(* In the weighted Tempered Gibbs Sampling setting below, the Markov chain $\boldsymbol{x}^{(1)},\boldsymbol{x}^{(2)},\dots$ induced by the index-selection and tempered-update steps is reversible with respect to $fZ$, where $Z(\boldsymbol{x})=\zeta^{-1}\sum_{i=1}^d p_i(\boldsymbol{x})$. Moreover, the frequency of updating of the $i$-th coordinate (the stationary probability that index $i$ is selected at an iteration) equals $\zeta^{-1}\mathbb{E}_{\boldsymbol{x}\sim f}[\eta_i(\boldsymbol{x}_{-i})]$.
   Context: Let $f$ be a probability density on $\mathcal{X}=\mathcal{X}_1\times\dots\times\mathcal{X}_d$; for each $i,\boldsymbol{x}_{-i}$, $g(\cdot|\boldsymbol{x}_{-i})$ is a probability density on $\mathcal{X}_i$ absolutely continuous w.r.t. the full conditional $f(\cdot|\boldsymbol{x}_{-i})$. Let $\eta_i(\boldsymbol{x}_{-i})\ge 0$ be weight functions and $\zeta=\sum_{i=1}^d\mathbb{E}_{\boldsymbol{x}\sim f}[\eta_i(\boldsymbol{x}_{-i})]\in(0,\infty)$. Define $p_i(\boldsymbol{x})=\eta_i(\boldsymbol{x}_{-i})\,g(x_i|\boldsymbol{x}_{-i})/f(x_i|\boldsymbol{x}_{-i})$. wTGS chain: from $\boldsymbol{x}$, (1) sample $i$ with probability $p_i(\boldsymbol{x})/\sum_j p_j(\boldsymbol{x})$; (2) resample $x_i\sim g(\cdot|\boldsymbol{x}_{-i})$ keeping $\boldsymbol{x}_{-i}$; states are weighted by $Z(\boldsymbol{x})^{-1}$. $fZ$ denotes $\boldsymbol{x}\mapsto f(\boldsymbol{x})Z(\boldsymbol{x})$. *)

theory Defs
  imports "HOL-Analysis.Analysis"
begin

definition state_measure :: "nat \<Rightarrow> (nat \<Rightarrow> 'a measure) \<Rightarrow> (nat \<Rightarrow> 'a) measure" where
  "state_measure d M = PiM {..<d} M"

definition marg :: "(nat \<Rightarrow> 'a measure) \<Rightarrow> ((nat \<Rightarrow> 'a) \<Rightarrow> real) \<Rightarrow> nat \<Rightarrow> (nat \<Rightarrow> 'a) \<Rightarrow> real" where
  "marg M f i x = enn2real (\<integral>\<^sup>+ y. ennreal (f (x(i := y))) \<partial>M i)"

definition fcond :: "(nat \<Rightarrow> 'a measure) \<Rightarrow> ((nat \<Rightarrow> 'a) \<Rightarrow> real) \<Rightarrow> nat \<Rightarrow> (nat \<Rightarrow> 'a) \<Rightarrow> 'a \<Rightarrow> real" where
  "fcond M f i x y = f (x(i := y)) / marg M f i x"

────────────────────────────────────────

WORK REQUIRED → Above are the records; copy each line from them that includes the string "fcond".

TASK SOLUTION →
definition fcond :: "(nat \<Rightarrow> 'a measure) \<Rightarrow> ((nat \<Rightarrow> 'a) \<Rightarrow> real) \<Rightarrow> nat \<Rightarrow> (nat \<Rightarrow> 'a) \<Rightarrow> 'a \<Rightarrow> real" where
  "fcond M f i x y = f (x(i := y)) / marg M f i x"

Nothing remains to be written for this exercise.